I'm curious how multiple players playing off the same bankroll affects the variance.

For example using the bankroll required equation,

B = -ln(R)*s^2/(2W)

Where,

B = Bankroll
R = Risk of Ruin
s = Standard Deviation
W = Win rate.

If one player is playing MTTs with:

W = 0.24 (BI)
s = 5
R = 0.01

His bankroll requirements are:

B = -ln(R)*s^2/(2W)
B = -ln(0.01)*5^2/(2*0.24)
B = 320 Buy ins.

But what would happen if his identical twin started playing with the same win rate and variance and tolerance for risk?

My feeling is that because the bankroll formula and RoR assumes playing over an infinite number of hands absolutely nothing happens to the bankroll requirements? It would still be the same. Volume doesn't change RoR.

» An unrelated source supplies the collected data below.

lemma pre_run_eventually_rminus:
  assumes "pre_run \<rho>" "0 < t"
  shows "eventually (\<lambda>u. \<rho> u = rminus \<rho> t) (at_left t)"
proof -
  obtain ts :: "real list" where ts: "ts \<noteq> []" "sorted_wrt (<) ts" "hd ts = 0" "last ts = t"
    and const: "\<And>i. Suc i < length ts \<Longrightarrow>
                  \<forall>u \<in> {ts!i<..<ts!Suc i}. \<forall>v \<in> {ts!i<..<ts!Suc i}. \<rho> u = \<rho> v"
    using assms unfolding pre_run_def by blast
  have "2 \<le> length ts"
    using ts assms(2) by (cases ts) (auto simp: Suc_le_eq)
  define i where "i = length ts - 2"
  have "Suc i = length ts - 1" using \<open>2 \<le> length ts\<close> by (simp add: i_def)
  then have i: "Suc i < length ts" "ts!Suc i = t"
    using ts by (simp_all add: last_conv_nth)
  have "ts!i < t"
    using i sorted_wrt_nth_less[OF ts(2), of i "Suc i"] by simp
  have mid: "(ts!i + t) / 2 \<in> {ts!i<..<ts!Suc i}"
    using \<open>ts!i < t\<close> i(2) by simp
  from \<open>ts!i < t\<close> have "eventually (\<lambda>u. u \<in> {ts!i<..<ts!Suc i}) (at_left t)"
    unfolding i(2) by (rule eventually_at_left_real)
  then have "eventually (\<lambda>u. \<rho> u = \<rho> ((ts!i + t) / 2)) (at_left t)"
    by eventually_elim (use const[OF i(1)] mid in blast)
  moreover from this have "rminus \<rho> t = \<rho> ((ts!i + t) / 2)" by (rule rminus_eqI)
  ultimately show ?thesis by simp
qed

lemma run_same_internal_rminus:
  assumes "is_run Trk dc dop dmin \<rho>" "0 < t"
  shows "same_internal (\<rho> t) (rminus \<rho> t)"
  using assms unfolding is_run_def by (cases "\<rho> t = rminus \<rho> t") (auto simp: same_internal_def)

The reason I'm thinking about this is to think about the bankroll requirements of a staple of backed horses.

If you have 10 players in a staple all playing with the same WR, Variance, Risk tolerance and thus bankroll. The bankroll required is the same as if it was just one player. They just put in 10 times as much volume and volume doesn't affect bankroll requirements.

What am i trying to calculate is how much money needs to be kept behind by the backer of the staple (backers bankroll) to always have enough to reload the accounts in the cases that the $ won from the accounts that are up doesn't cover the dollars lost from the accounts that are down $.

So this is just going to be the RoR formula again but with the total win rates of all the players and the total variance used? If the backer wants only a 1% chance of his entire staple going bust he'll need $x dollars in total. The win rate would be WR * N of horses but what about the variance, how would that be calculated if we knew the variance of each individual player?

Ideally, you would do this if:

1. All the players are about the same level
2. They are +EV for the games they will play in
3. They are playing at separate tables

Assuming each of N players has a bankroll of size x, then playing off the same bankroll is equivalent to 1 player with a bank roll of N*x. Effectively, all that is happening is that you are playing N times as many hands per hour with the other N - 1 players acting as surrogates of yourself. Variance is unchanged even though it might seem like it is greater. Counter-intuitively, each of the players involved have effectively multiplied their BR by N. So this can be a way of moving up in stakes for the impatient.

Yep, thanks for that Gibert. That is where i got my understanding too.

Carrying on with my thinking because i'm finding this fun. [nerd]

N horses all w/ x RoR would mean a total RoR for the staple of x^N. Each one would have to go bust. P(B^N).

RoR[s] = RoR[h] ^ N[h]

So if each horse had a 1% chance of going bust a staple of 5 horses would have 0.01^5 chance of the staple going bust: 1/1000MM.

Working backwards the staple wants a 1 in 10k chance of going bust 10,000 and has 50 horses, what RoR should each horse have.

RoR[s] = RoR[h] ^ N[h]

0.0001 = RoR[h] ^ 50

RoR[h] = 83%

Am i on the right track to answer my question going this way?

So we have 50 horses (N) all given bankrolls (x) that give them a 83% chance of going broke.

Staple bankroll = (N) * x.

To find x for a 83% RoR we need to use the BR formula. Taken some MTT figures, variance = 5, WR = 0.24 (24% ROI)

B = -ln(R)*s^2/(2W)

B = -ln(.83)*5^2/(2 * 0.24)

B = 9.7BIs

9.7BI * 50 horses = 485BIs.

While if this was one person who wanted a 1/10k chance of going broke with the same WR, Variance it BR needed would be:

B = -ln(R)*s^2/(2W)

B = -ln(0.0001) * 5 ^2 / (2 * 0.24)

B = 480BIs.

yep, this method isn't the right way for my answer and i just went around in a circle which i would have noticed if not for the rounding which gave me 485BI instead of 480BI. fell for the same mistake twice.

will continue with this tomorrow and if someone can point me in the right direction i'd appreciate it!